What you need to do: Nothing but the listing below, retyped exactly, should appear in the answer.

Supplied records:
lemma grid_path_start:
  assumes "grid_path es"
  obtains v where "v \<in> es ! 0" "1 < length es \<longrightarrow> v \<notin> es ! 1"
proof -
  have "0 < length es"
    using assms unfolding grid_path_def by simp
  with assms obtain p q where pq: "es ! 0 = {p, q}" "p \<noteq> q"
    by (rule grid_path_nth_edge)
  have "\<not> es ! 0 \<subseteq> es ! 1" if "1 < length es"
  proof
    assume "es ! 0 \<subseteq> es ! 1"
    then have "card (es ! 0 \<inter> es ! 1) = 2"
      using pq by (simp add: Int_absorb2)
    moreover have "card (es ! 0 \<inter> es ! 1) = 1"
      using assms that unfolding grid_path_def by simp
    ultimately show False by simp
  qed
  then show ?thesis
    using that pq by blast
qed

lemma grid_path_walk:
  assumes "grid_path es"
  obtains w where "grid_walk w (length es)" "\<And>i. i < length es \<Longrightarrow> es ! i = {w i, w (Suc i)}"
proof -
  let ?N = "length es"
  obtain v0 where v0: "v0 \<in> es ! 0" "1 < ?N \<longrightarrow> v0 \<notin> es ! 1"
    using assms by (rule grid_path_start)
  define w where "w = rec_nat v0 (\<lambda>i p. other_end (es ! i) p)"
  have w_Suc: "w (Suc i) = other_end (es ! i) (w i)" for i
    unfolding w_def by simp
  have w_in: "w i \<in> es ! i \<and> (Suc i < ?N \<longrightarrow> w i \<notin> es ! Suc i)" if "i < ?N" for i
    using that
  proof (induction i)
    case 0
    then show ?case using v0 unfolding w_def by simp
  next
    case (Suc i)
    then have IH: "w i \<in> es ! i" "w i \<notin> es ! Suc i" by auto
    obtain p q where "es ! i = {p, q}" "p \<noteq> q"
      using assms Suc_lessD[OF Suc.prems] by (rule grid_path_nth_edge)
    then have ei: "es ! i = {w i, w (Suc i)}" "w (Suc i) \<noteq> w i"
      using other_end_in_doubleton IH(1) by (simp_all add: w_Suc)
    obtain c where c: "es ! i \<inter> es ! Suc i = {c}"
      using assms Suc.prems unfolding grid_path_def by (auto simp: card_1_singleton_iff)
    then have "c = w (Suc i)" using ei IH(2) by auto
    moreover have "Suc (Suc i) < ?N \<Longrightarrow> es ! i \<inter> es ! Suc (Suc i) = {}"
      using assms unfolding grid_path_def by blast
    ultimately show ?case using c ei by auto
  qed
  have es_w: "es ! i = {w i, w (Suc i)}" and "adjacent (w i) (w (Suc i))" if i: "i < ?N" for i
  proof -
    obtain p q where pq: "es ! i = {p, q}" "p \<noteq> q" "adjacent p q"
      using assms i by (rule grid_path_nth_edge)
    then show "es ! i = {w i, w (Suc i)}"
      using other_end_in_doubleton(1) w_in i w_Suc by metis
    then show "adjacent (w i) (w (Suc i))"
      using pq by (metis adjacent_sym doubleton_eq_iff)
  qed
  have "w (Suc (Suc i)) \<noteq> w i" if "Suc i < ?N" for i
  proof -
    have "w (Suc (Suc i)) \<in> es ! Suc i" "w i \<notin> es ! Suc i"
      using es_w[of "Suc i"] w_in[of i] that by simp_all
    then show ?thesis by force
  qed
  then have "grid_walk w ?N"
    using \<open>\<And>i. i < ?N \<Longrightarrow> adjacent (w i) (w (Suc i))\<close> by unfold_locales
  then show ?thesis
    using that es_w by blast
qed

Result of this task:
lemma grid_path_start:
  assumes "grid_path es"
  obtains v where "v \<in> es ! 0" "1 < length es \<longrightarrow> v \<notin> es ! 1"
proof -
  have "0 < length es"
    using assms unfolding grid_path_def by simp
  with assms obtain p q where pq: "es ! 0 = {p, q}" "p \<noteq> q"
    by (rule grid_path_nth_edge)
  have "\<not> es ! 0 \<subseteq> es ! 1" if "1 < length es"
  proof
    assume "es ! 0 \<subseteq> es ! 1"
    then have "card (es ! 0 \<inter> es ! 1) = 2"
      using pq by (simp add: Int_absorb2)
    moreover have "card (es ! 0 \<inter> es ! 1) = 1"
      using assms that unfolding grid_path_def by simp
    ultimately show False by simp
  qed
  then show ?thesis
    using that pq by blast
qed

lemma grid_path_walk:
  assumes "grid_path es"
  obtains w where "grid_walk w (length es)" "\<And>i. i < length es \<Longrightarrow> es ! i = {w i, w (Suc i)}"
proof -
  let ?N = "length es"
  obtain v0 where v0: "v0 \<in> es ! 0" "1 < ?N \<longrightarrow> v0 \<notin> es ! 1"
    using assms by (rule grid_path_start)
  define w where "w = rec_nat v0 (\<lambda>i p. other_end (es ! i) p)"
  have w_Suc: "w (Suc i) = other_end (es ! i) (w i)" for i
    unfolding w_def by simp
  have w_in: "w i \<in> es ! i \<and> (Suc i < ?N \<longrightarrow> w i \<notin> es ! Suc i)" if "i < ?N" for i
    using that
  proof (induction i)
    case 0
    then show ?case using v0 unfolding w_def by simp
  next
    case (Suc i)
    then have IH: "w i \<in> es ! i" "w i \<notin> es ! Suc i" by auto
    obtain p q where "es ! i = {p, q}" "p \<noteq> q"
      using assms Suc_lessD[OF Suc.prems] by (rule grid_path_nth_edge)
    then have ei: "es ! i = {w i, w (Suc i)}" "w (Suc i) \<noteq> w i"
      using other_end_in_doubleton IH(1) by (simp_all add: w_Suc)
    obtain c where c: "es ! i \<inter> es ! Suc i = {c}"
      using assms Suc.prems unfolding grid_path_def by (auto simp: card_1_singleton_iff)
    then have "c = w (Suc i)" using ei IH(2) by auto
    moreover have "Suc (Suc i) < ?N \<Longrightarrow> es ! i \<inter> es ! Suc (Suc i) = {}"
      using assms unfolding grid_path_def by blast
    ultimately show ?case using c ei by auto
  qed
  have es_w: "es ! i = {w i, w (Suc i)}" and "adjacent (w i) (w (Suc i))" if i: "i < ?N" for i
  proof -
    obtain p q where pq: "es ! i = {p, q}" "p \<noteq> q" "adjacent p q"
      using assms i by (rule grid_path_nth_edge)
    then show "es ! i = {w i, w (Suc i)}"
      using other_end_in_doubleton(1) w_in i w_Suc by metis
    then show "adjacent (w i) (w (Suc i))"
      using pq by (metis adjacent_sym doubleton_eq_iff)
  qed
  have "w (Suc (Suc i)) \<noteq> w i" if "Suc i < ?N" for i
  proof -
    have "w (Suc (Suc i)) \<in> es ! Suc i" "w i \<notin> es ! Suc i"
      using es_w[of "Suc i"] w_in[of i] that by simp_all
    then show ?thesis by force
  qed
  then have "grid_walk w ?N"
    using \<open>\<And>i. i < ?N \<Longrightarrow> adjacent (w i) (w (Suc i))\<close> by unfold_locales
  then show ?thesis
    using that es_w by blast
qed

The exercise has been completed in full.